:: RECORDS FOR THIS TASK

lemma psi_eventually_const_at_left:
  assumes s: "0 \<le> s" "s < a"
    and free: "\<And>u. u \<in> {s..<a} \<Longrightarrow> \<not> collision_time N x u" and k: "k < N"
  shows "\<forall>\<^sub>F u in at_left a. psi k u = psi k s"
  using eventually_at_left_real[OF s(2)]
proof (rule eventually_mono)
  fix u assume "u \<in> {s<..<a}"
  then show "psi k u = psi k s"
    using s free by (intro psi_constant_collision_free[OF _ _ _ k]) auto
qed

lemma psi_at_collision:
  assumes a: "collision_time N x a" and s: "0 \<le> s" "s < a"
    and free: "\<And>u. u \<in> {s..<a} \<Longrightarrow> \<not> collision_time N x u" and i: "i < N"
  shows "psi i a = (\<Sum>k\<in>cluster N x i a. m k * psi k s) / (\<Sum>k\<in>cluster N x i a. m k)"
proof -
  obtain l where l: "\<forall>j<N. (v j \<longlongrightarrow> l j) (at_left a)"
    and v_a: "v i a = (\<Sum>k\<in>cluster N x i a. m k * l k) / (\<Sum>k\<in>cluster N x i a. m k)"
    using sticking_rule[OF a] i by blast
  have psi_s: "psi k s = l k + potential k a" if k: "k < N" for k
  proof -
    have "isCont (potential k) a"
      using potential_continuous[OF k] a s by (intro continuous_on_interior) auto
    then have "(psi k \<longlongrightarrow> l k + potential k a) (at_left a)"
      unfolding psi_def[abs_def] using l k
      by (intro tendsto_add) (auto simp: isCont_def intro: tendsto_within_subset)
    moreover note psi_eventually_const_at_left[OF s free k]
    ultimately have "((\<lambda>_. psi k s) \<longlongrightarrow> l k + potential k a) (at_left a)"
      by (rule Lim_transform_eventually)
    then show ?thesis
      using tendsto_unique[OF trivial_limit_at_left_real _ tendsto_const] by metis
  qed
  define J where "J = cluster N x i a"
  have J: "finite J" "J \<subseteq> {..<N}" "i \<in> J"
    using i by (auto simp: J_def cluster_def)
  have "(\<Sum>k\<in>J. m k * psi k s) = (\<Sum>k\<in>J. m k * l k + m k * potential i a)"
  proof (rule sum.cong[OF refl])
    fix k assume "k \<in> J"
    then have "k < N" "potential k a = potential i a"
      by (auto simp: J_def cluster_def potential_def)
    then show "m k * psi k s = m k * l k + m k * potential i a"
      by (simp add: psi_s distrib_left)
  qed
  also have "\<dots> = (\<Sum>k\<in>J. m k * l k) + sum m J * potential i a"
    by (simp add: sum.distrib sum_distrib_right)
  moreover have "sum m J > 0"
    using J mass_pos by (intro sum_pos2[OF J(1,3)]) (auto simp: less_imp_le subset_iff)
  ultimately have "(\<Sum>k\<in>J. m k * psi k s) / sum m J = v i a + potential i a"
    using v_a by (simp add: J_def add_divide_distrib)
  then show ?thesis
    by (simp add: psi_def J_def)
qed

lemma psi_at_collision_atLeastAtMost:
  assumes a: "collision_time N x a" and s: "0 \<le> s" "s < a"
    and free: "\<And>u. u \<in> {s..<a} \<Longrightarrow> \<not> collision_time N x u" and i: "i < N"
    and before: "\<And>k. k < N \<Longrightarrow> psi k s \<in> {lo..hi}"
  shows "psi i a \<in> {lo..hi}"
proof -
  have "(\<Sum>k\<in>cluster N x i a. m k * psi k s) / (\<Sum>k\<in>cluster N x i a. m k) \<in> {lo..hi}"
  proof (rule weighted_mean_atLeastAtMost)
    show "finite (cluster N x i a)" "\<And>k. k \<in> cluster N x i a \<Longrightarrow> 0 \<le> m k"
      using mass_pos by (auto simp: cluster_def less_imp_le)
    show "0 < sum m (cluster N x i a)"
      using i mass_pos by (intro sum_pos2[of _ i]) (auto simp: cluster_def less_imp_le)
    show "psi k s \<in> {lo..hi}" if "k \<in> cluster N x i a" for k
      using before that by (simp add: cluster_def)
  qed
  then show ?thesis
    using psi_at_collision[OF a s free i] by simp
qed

::::
:: RECORDS FOR THIS TASK

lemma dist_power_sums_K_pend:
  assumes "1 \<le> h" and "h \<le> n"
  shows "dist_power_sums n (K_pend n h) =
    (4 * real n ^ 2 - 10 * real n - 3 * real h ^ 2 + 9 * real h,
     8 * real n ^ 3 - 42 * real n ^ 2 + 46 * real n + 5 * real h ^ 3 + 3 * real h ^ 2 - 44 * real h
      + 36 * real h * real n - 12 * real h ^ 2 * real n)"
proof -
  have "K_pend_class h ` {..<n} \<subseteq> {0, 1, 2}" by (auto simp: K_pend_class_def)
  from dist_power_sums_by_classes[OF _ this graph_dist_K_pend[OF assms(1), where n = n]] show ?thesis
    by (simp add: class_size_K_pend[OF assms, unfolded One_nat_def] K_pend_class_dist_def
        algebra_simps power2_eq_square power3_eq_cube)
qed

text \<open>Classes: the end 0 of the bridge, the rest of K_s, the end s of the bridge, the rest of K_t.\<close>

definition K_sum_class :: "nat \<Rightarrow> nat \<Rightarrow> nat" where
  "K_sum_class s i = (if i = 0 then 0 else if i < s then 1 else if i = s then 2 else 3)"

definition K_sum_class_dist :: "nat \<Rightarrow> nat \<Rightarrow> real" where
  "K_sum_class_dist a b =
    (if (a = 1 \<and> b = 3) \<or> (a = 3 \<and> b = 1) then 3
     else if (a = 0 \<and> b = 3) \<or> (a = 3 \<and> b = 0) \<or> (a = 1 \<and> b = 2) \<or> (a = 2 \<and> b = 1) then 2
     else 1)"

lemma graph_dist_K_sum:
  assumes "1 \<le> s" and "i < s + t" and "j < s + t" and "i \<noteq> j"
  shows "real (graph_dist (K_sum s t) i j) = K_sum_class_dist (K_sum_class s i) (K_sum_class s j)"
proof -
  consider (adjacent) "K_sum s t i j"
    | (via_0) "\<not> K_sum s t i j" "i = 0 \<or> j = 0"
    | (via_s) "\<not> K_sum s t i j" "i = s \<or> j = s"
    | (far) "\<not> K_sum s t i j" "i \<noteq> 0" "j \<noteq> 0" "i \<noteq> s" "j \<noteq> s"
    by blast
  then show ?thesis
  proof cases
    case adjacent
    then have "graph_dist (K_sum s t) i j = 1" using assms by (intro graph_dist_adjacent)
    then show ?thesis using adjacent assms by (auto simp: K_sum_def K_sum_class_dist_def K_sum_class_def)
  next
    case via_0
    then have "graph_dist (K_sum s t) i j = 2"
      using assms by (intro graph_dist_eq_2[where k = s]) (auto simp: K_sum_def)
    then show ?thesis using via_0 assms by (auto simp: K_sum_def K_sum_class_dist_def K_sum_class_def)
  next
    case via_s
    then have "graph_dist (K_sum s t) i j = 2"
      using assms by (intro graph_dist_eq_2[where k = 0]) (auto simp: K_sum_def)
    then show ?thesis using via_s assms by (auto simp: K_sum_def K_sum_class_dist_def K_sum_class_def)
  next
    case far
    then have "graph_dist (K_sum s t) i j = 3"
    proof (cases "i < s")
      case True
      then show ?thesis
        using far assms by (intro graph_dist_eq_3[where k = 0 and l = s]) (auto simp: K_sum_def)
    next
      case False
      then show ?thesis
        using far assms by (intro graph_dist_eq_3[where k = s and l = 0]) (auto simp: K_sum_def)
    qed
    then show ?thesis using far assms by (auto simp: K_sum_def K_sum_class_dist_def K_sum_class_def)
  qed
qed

::::

EXERCISE REQUIREMENTS >> Scan the listing above for the line that has "unfolding psi_def[abs_def] using l k", then copy exactly from that line through the line that has "proof (rule weighted_mean_atLeastAtMost)".

ANSWER SPACE >>
      unfolding psi_def[abs_def] using l k
      by (intro tendsto_add) (auto simp: isCont_def intro: tendsto_within_subset)
    moreover note psi_eventually_const_at_left[OF s free k]
    ultimately have "((\<lambda>_. psi k s) \<longlongrightarrow> l k + potential k a) (at_left a)"
      by (rule Lim_transform_eventually)
    then show ?thesis
      using tendsto_unique[OF trivial_limit_at_left_real _ tendsto_const] by metis
  qed
  define J where "J = cluster N x i a"
  have J: "finite J" "J \<subseteq> {..<N}" "i \<in> J"
    using i by (auto simp: J_def cluster_def)
  have "(\<Sum>k\<in>J. m k * psi k s) = (\<Sum>k\<in>J. m k * l k + m k * potential i a)"
  proof (rule sum.cong[OF refl])
    fix k assume "k \<in> J"
    then have "k < N" "potential k a = potential i a"
      by (auto simp: J_def cluster_def potential_def)
    then show "m k * psi k s = m k * l k + m k * potential i a"
      by (simp add: psi_s distrib_left)
  qed
  also have "\<dots> = (\<Sum>k\<in>J. m k * l k) + sum m J * potential i a"
    by (simp add: sum.distrib sum_distrib_right)
  moreover have "sum m J > 0"
    using J mass_pos by (intro sum_pos2[OF J(1,3)]) (auto simp: less_imp_le subset_iff)
  ultimately have "(\<Sum>k\<in>J. m k * psi k s) / sum m J = v i a + potential i a"
    using v_a by (simp add: J_def add_divide_distrib)
  then show ?thesis
    by (simp add: psi_def J_def)
qed

lemma psi_at_collision_atLeastAtMost:
  assumes a: "collision_time N x a" and s: "0 \<le> s" "s < a"
    and free: "\<And>u. u \<in> {s..<a} \<Longrightarrow> \<not> collision_time N x u" and i: "i < N"
    and before: "\<And>k. k < N \<Longrightarrow> psi k s \<in> {lo..hi}"
  shows "psi i a \<in> {lo..hi}"
proof -
  have "(\<Sum>k\<in>cluster N x i a. m k * psi k s) / (\<Sum>k\<in>cluster N x i a. m k) \<in> {lo..hi}"
  proof (rule weighted_mean_atLeastAtMost)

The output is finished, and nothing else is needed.